• _TASK STATEMENT_: Please work out how many of the lines below include "point". Only the number should be given.

• _PROVIDED INFORMATION_:
(* Let $(M,g)$ be a four-dimensional globally hyperbolic spacetime with an isometric embedding into a higher-dimensional Minkowski space as described in the context, and let $\Theta$ be a real constant skew-symmetric $4\times4$ matrix. To first order in $\Theta$, the deformed commutator of the coordinate functions is $$[x^\mu,x^\nu]_\Theta=2\mathrm{i}\,\Theta^{\mu\nu}(x),\qquad \Theta^{\mu\nu}(x)=\Theta^{\alpha\beta}J^\mu_{\ \alpha}(x)J^\nu_{\ \beta}(x),$$ where $J=\partial x/\partial X$ is the Jacobian of the map $X^\alpha\mapsto x^\mu(X)$; here $[x^\mu,x^\nu]_\Theta$ is computed as $\big(x_1^\mu\times_\Theta x_2^\nu-x_2^\nu\times_\Theta x_1^\mu\big)\big|_{x_1=x_2=x}$.
   Context: Fix an isometric embedding of $(M,g)$ into Minkowski space $\mathbb{L}^N$ with coordinates $(X^\mu,X^a)$, $\mu=0,\dots,3$, such that on the image $X^a=X^a(X^\mu)$ locally and the coordinates of $M$ are locally smooth invertible functions $x^\mu=x^\mu(X^\nu)$. The deformed product at two points is $f(x_1)\times_\Theta g(x_2)=\lim_{\epsilon\to0}\iint\chi(\epsilon X,\epsilon Y)f(X_1+\Theta X)g(X_2+Y)e^{-\mathrm{i}X\cdot Y}d^4Xd^4Y$, with $X_i$ the embedding point of $x_i$, $X\cdot Y$ the Minkowski product on $\mathbb{R}^4$, $\chi\in C_0^\infty(\mathbb{R}^4\times\mathbb{R}^4)$, $\chi(0,0)=1$. Equivalently, $f(x_1)\times_\Theta g(x_2)=\exp(\mathrm{i}\Theta^{\rho\sigma}(x_1,x_2)\partial_{x_1^\rho}\partial_{x_2^\sigma})f(x_1)g(x_2)$ with $\Theta^{\rho\sigma}(x_1,x_2)=\Theta^{\mu\nu}J^\rho_{\ \mu}(x_1)J^\sigma_{\ \nu}(x_2)$. The deformed commutator is $[a,b]_\Theta=a\times_\Theta b-b\times_\Theta a$. *)

theory Defs
  imports "HOL-Analysis.Analysis"
begin

text \<open>Local coordinates x of M and the first four Minkowski coordinates X of the
embedding point are both modelled in real^4 (index type 4).\<close>

definition pd :: "4 \<Rightarrow> (real^4 \<Rightarrow> complex) \<Rightarrow> real^4 \<Rightarrow> complex" where
  "pd i f y = vector_derivative (\<lambda>s::real. f (y + s *\<^sub>R axis i 1)) (at 0)"

definition coord :: "4 \<Rightarrow> real^4 \<Rightarrow> complex" where
  "coord mu = (\<lambda>y. complex_of_real (y $ mu))"

text \<open>Jacobian J^mu_alpha(x) = dx^mu/dX^alpha of the local map X \<mapsto> x(X), evaluated at the
embedding point X(x) of x.  Entry (J $ mu $ alpha).\<close>
definition Jac :: "(real^4 \<Rightarrow> real^4) \<Rightarrow> (real^4 \<Rightarrow> real^4) \<Rightarrow> real^4 \<Rightarrow> real^4^4" where
  "Jac xmap Xmap y = matrix (frechet_derivative xmap (at (Xmap y)))"

definition Theta2 :: "real^4^4 \<Rightarrow> (real^4 \<Rightarrow> real^4^4) \<Rightarrow> real^4 \<Rightarrow> real^4 \<Rightarrow> 4 \<Rightarrow> 4 \<Rightarrow> real" where
  "Theta2 Th J y1 y2 rho sg =
     (\<Sum>mu\<in>UNIV. \<Sum>nu\<in>UNIV. Th $ mu $ nu * J y1 $ rho $ mu * J y2 $ sg $ nu)"

text \<open>The deformed product f(x1) \<times>_Theta g(x2) truncated at first order in Theta,
i.e. the first-order expansion of exp(i Theta^{rho sg}(x1,x2) d_{x1^rho} d_{x2^sg}) f(x1) g(x2).\<close>
definition star1 :: "real^4^4 \<Rightarrow> (real^4 \<Rightarrow> real^4^4) \<Rightarrow> (real^4 \<Rightarrow> complex) \<Rightarrow> (real^4 \<Rightarrow> complex)
    \<Rightarrow> real^4 \<Rightarrow> real^4 \<Rightarrow> complex" where
  "star1 Th J f g y1 y2 = f y1 * g y2
     + \<i> * (\<Sum>rho\<in>UNIV. \<Sum>sg\<in>UNIV.
              complex_of_real (Theta2 Th J y1 y2 rho sg) * pd rho f y1 * pd sg g y2)"

definition comm1 :: "real^4^4 \<Rightarrow> (real^4 \<Rightarrow> real^4^4) \<Rightarrow> (real^4 \<Rightarrow> complex) \<Rightarrow> (real^4 \<Rightarrow> complex)
    \<Rightarrow> real^4 \<Rightarrow> complex" where
  "comm1 Th J a b y = star1 Th J a b y y - star1 Th J b a y y"

end

theory Submission
  imports Defs
begin

text \<open>The coordinate functions are linear, so their partial derivatives are Kronecker deltas and
the first-order star product of two of them picks out a single entry of the deformation matrix
\<open>\<Theta>\<^sup>\<rho>\<^sup>\<sigma>(x\<^sub>1,x\<^sub>2)\<close>. The commutator is therefore \<open>i(\<Theta>\<^sup>\<mu>\<^sup>\<nu>(x,x) - \<Theta>\<^sup>\<nu>\<^sup>\<mu>(x,x))\<close>, and skew-symmetry of
\<open>\<Theta>\<close> makes this \<open>2i\<Theta>\<^sup>\<mu>\<^sup>\<nu>(x)\<close>. Nothing about the Jacobian enters.\<close>

lemma pd_coord: "pd rho (coord mu) y = (if rho = mu then 1 else 0)"
proof -
  have "((\<lambda>s::real. complex_of_real (y $ mu) + complex_of_real s * complex_of_real (axis rho 1 $ mu))
      has_vector_derivative complex_of_real (axis rho 1 $ mu)) (at 0)"
    unfolding has_vector_derivative_def
    by (auto intro!: derivative_eq_intros simp: scaleR_conv_of_real)
  then have "((\<lambda>s::real. coord mu (y + s *\<^sub>R axis rho 1))
      has_vector_derivative complex_of_real (axis rho 1 $ mu)) (at 0)"
    by (simp add: coord_def)
  then show ?thesis
    unfolding pd_def by (simp add: vector_derivative_at axis_def)
qed

lemma Theta2_transpose: "Theta2 (transpose Th) J y2 y1 sg rho = Theta2 Th J y1 y2 rho sg"
proof -
  have "Theta2 (transpose Th) J y2 y1 sg rho
      = (\<Sum>mu\<in>UNIV. \<Sum>nu\<in>UNIV. Th $ nu $ mu * J y2 $ sg $ mu * J y1 $ rho $ nu)"
    by (simp add: Theta2_def transpose_def)
  also have "\<dots> = (\<Sum>nu\<in>UNIV. \<Sum>mu\<in>UNIV. Th $ nu $ mu * J y2 $ sg $ mu * J y1 $ rho $ nu)"
    by (rule sum.swap)
  also have "\<dots> = Theta2 Th J y1 y2 rho sg"
    by (simp add: Theta2_def mult_ac)
  finally show ?thesis .
qed

lemma Theta2_uminus: "Theta2 (- Th) J y1 y2 rho sg = - Theta2 Th J y1 y2 rho sg"
  by (simp add: Theta2_def sum_negf)

lemma Theta2_skew:
  assumes "transpose Th = - Th"
  shows "Theta2 Th J y2 y1 sg rho = - Theta2 Th J y1 y2 rho sg"
  by (metis Theta2_transpose Theta2_uminus assms minus_minus)

lemma star1_coord:
  "star1 Th J (coord mu) (coord nu) y1 y2
     = coord mu y1 * coord nu y2 + \<i> * complex_of_real (Theta2 Th J y1 y2 mu nu)"
proof -
  have "(\<Sum>rho\<in>UNIV. \<Sum>sg\<in>UNIV. complex_of_real (Theta2 Th J y1 y2 rho sg)
            * pd rho (coord mu) y1 * pd sg (coord nu) y2)
      = (\<Sum>rho\<in>UNIV. \<Sum>sg\<in>UNIV.
            if sg = nu then if rho = mu then complex_of_real (Theta2 Th J y1 y2 rho sg) else 0 else 0)"
    unfolding pd_coord by (intro sum.cong refl) auto
  also have "\<dots> = complex_of_real (Theta2 Th J y1 y2 mu nu)"
    by simp
  finally show ?thesis
    by (simp add: star1_def)
qed

lemma comm1_coord:
  "comm1 Th J (coord mu) (coord nu) y
     = \<i> * complex_of_real (Theta2 Th J y y mu nu - Theta2 Th J y y nu mu)"
  by (simp add: comm1_def star1_coord algebra_simps)

theorem mainTheorem5:
  fixes Th :: "real^4^4"
    and Xmap xmap :: "real^4 \<Rightarrow> real^4"
    and U :: "(real^4) set"
    and p :: "real^4"
  assumes skew: "transpose Th = - Th"
    and U_open: "open U"
    and p_in: "p \<in> U"
    and inv: "\<forall>q\<in>U. xmap (Xmap q) = q"
    and diff: "\<forall>q\<in>U. xmap differentiable (at (Xmap q))"
  shows "\<forall>mu nu. comm1 Th (Jac xmap Xmap) (coord mu) (coord nu) p
            = 2 * \<i> * complex_of_real (Theta2 Th (Jac xmap Xmap) p p mu nu)"
proof (intro allI)
  fix mu nu
  have "Theta2 Th (Jac xmap Xmap) p p nu mu = - Theta2 Th (Jac xmap Xmap) p p mu nu"
    using skew by (rule Theta2_skew)
  then show "comm1 Th (Jac xmap Xmap) (coord mu) (coord nu) p
      = 2 * \<i> * complex_of_real (Theta2 Th (Jac xmap Xmap) p p mu nu)"
    by (simp add: comm1_coord)
qed

end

• _ANSWER TO THE PROBLEM_: 3